4位イラク約8〜12%中東における安定した供給源の一つ。
5位アラブ首長国連邦 (UAE)約6%近年、輸入量が急増している供給先。
その他オマーン、ブラジル等各4〜6%程度多角化の一環として南米やアフリカからも調達。

ここに現れていないファクターとして、ベネズエラからの輸入が3~4%程度あったようだけれど、これが輸入できなくなると予想されていて、この分をまず振り分ける必要がある。

では、ロシアから原油を買い付けられるのか?というと、実はちょっと怪しい。

ロシア、インドに原油輸出振り向けも 供給混乱で=関係筋

2026年3月5日午前 10:26

ロシアは、米イスラエルのイラン攻撃に伴う原油供給混乱を受け、友好国インドに対して輸出の一部‌を振り向ける準備を進めている。事情に詳しい業界関係者が明らかにした。ロシア産原油約950万バレルを積んだ船舶がインド近海を航行しており、数週間以内に到着可能な状況にあるという。

ロイターより

インドが慌ててロシアからの買付けを約束したようで、支那がその後から割り込む余地があるのか?というのは少々不安がある。

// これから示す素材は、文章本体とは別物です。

theorem proposition4:
  fixes n p s :: nat and X :: "nat \<Rightarrow> nat \<Rightarrow> real" and \<beta>s :: "nat \<Rightarrow> real"
    and \<sigma> \<alpha> A \<eta> :: real
  assumes sigma_pos: "\<sigma> > 0"
    and diag: "\<forall>j<p. gram n X j j = 1"
    and offdiag: "\<forall>j<p. \<forall>k<p. k \<noteq> j \<longrightarrow> \<bar>gram n X j k\<bar> \<le> 1 / (7 * \<alpha> * real s)"
    and s_ge: "s \<ge> 1" and supp: "card (support p \<beta>s) \<le> s" and alpha_gt: "\<alpha> > 1"
    and A_pos: "A > 0"
    and eta_pos: "\<eta> > 0"
    and eta_bound: "A * sqrt (2 * ln (real p) / real n) * l1norm p \<beta>s \<le> \<eta> * \<sigma>"
  shows "\<exists>E \<in> sets (noise_measure n \<sigma>).
           measure (noise_measure n \<sigma>) E
             \<ge> 1 - real p powr (1 - A\<^sup>2 / 8) - (1 + exp 2) * exp (- real n / 24)
         \<and> (\<forall>eps \<in> E. \<forall>\<beta>h.
              is_sqrt_lasso_min n p X (response n p X \<beta>s eps) (A * sqrt (2 * ln (real p) / real n)) \<beta>h \<longrightarrow>
                (let lam = A * sqrt (2 * ln (real p) / real n);
                     C = 2 * (1 + 16 / (7 * (\<alpha> - 1)));
                     t = C * (2 + \<eta>) * lam * \<sigma>
                 in linfnorm p (\<lambda>j. \<beta>h j - \<beta>s j) \<le> t
                    \<and> ((\<forall>j \<in> support p \<beta>s. \<bar>\<beta>s j\<bar> > 2 * t) \<longrightarrow>
                         {j. j < p \<and> \<bar>\<beta>h j\<bar> > t} = support p \<beta>s)))"
proof -
  let ?M = "noise_measure n \<sigma>"
  let ?B = "1 - real p powr (1 - A\<^sup>2 / 8) - (1 + exp 2) * exp (- real n / 24)"
  interpret prob_space ?M by (rule prob_space_noise_measure[OF sigma_pos])
  consider (vacuous) "?B \<le> 0" | (no_predictors) "p = 0" | (main) "n > 0" "2 \<le> p" "8 \<le> A\<^sup>2"
    using positive_prob_bound_cases[of p A n] by (meson not_le)
  then show ?thesis
  proof cases
    case vacuous
    then show ?thesis by (intro bexI[of _ "{}"]) simp_all
  next
    case no_predictors
    \<comment> \<open>All claims are about indices below \<open>p\<close>; also \<open>ln 0 = 0\<close>, so the threshold is 0.\<close>
    then show ?thesis
      by (intro bexI[of _ "space ?M"]) (simp_all add: prob_space linfnorm_def support_def)
  next
    case main
    define lam where "lam = A * sqrt (2 * ln (real p) / real n)"
    define t where "t = 2 * (1 + 16 / (7 * (\<alpha> - 1))) * (2 + \<eta>) * lam * \<sigma>"
    define E where "E = {e \<in> space ?M. good_noise n p X \<sigma> (lam * real n * \<sigma> / 2) e}"
    have lam: "lam > 0" using main A_pos by (simp add: lam_def)
    have "2 * exp (- real n / 24) \<le> (1 + exp 2) * exp (- real n / 24)" by simp
    then have prob_E: "?B \<le> measure ?M E"
      using measure_good_noise_sqrt_lasso[OF sigma_pos main(1,2) A_pos main(3) diag]
      unfolding E_def lam_def by linarith
    have recovery: "linfnorm p (\<lambda>j. \<beta>h j - \<beta>s j) \<le> t
        \<and> ((\<forall>j \<in> support p \<beta>s. 2 * t < \<bar>\<beta>s j\<bar>) \<longrightarrow> {j. j < p \<and> t < \<bar>\<beta>h j\<bar>} = support p \<beta>s)"
      if E: "eps \<in> E" and min: "is_sqrt_lasso_min n p X (response n p X \<beta>s eps) lam \<beta>h" for eps \<beta>h
    proof (rule recovery_of_entrywise_bound)
      show "0 \<le> t" using alpha_gt eta_pos lam sigma_pos by (simp add: t_def)
      show "\<bar>\<beta>h j - \<beta>s j\<bar> \<le> t" if "j < p" for j
        unfolding t_def using E eta_pos eta_bound
        by (intro sqrt_lasso_linf_error[OF min sigma_pos lam _ diag offdiag s_ge supp alpha_gt _ _ that])
          (auto simp: E_def lam_def)
    qed
    show ?thesis
      using prob_E sets_good_noise recovery unfolding E_def lam_def t_def Let_def by blast
  qed
qed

サウジアラビアとの関係も、いきなり買付け量を増やせるほど良好とは言えない。

打撃は小さい?

そして、もう1つ不可思議な分析が。

色々なケース分析はしてあるが、びっくりしたのはここ。

もう一つは、現在アメリカとの戦争が長引けば長引くほど、トイレで笑っているのは中国だということです。そうなると、これは大義名分においてもアメリカが劣勢に立たされ、またイランが正常化した際に、これが大きく破壊されればされるほど、戦後の復興のための石油販売や戦後復興はアメリカではなく中国が恩恵を受ける立場になるため、中国は静観しながら事態が悪化することを実は待っている側面があるのです。

Daum「イラン戦争を静かに楽しむ~」より

イランの状況が悪化しても、支那は「戦後復興という果実を総取りできる」というロジックが展開されているのである。

ロシアの復興を総取りできる!みたいな話もあったけれど、全く同じロジックで笑ってしまった。

確かに、イランの終戦後、或いはロシアの終戦後の復興というのは、西側諸国が手を出しにくい分野ではある。だから、支那からの資金援助で復興し、そのためのお金を人民元を刷って貸し付けるというのは、成り立ちそうなシナリオではある。

流石、支那経済金融研究所の所長の分析である。実に香ばしい。

このロジックが成り立つ為には2つの前提が必要となる。

  • イランやロシアの復興できるほどの巨額の人民元を刷ることが可能である(といっても、恐らくはデジタル人民元ということになるが)
  • 人民元を刷った段階で、その他の国からの信用が固定されている(暴落しない)

ハイパーインフレというのは、他国の信用を失った通貨が際限なく価値が既存されていく現象で、恐らくは発行された人民元は、将来的にイランやロシアで掘られる地下資源で担保されるということになるはずだ。だが、それが実現するためには、イランもロシアも国家が存続する必要があるわけで。

まとめ

僕の感想としては、「静かに微笑む」のではなく、笑顔が引きつってもはや乾いた笑いしか出ない状況なんだろうと思う。青ざめていると思うんだけどなぁ。

まあ、それはすぐに分かると思う。上海・深圳など市場も大きく変動せず、支那経済には直ぐに反映されていないようだけれど、恐らくはこれ、政治的に抑えられている形である。全人代開幕(3月5日)があって、大きな財政出動が期待されているからね。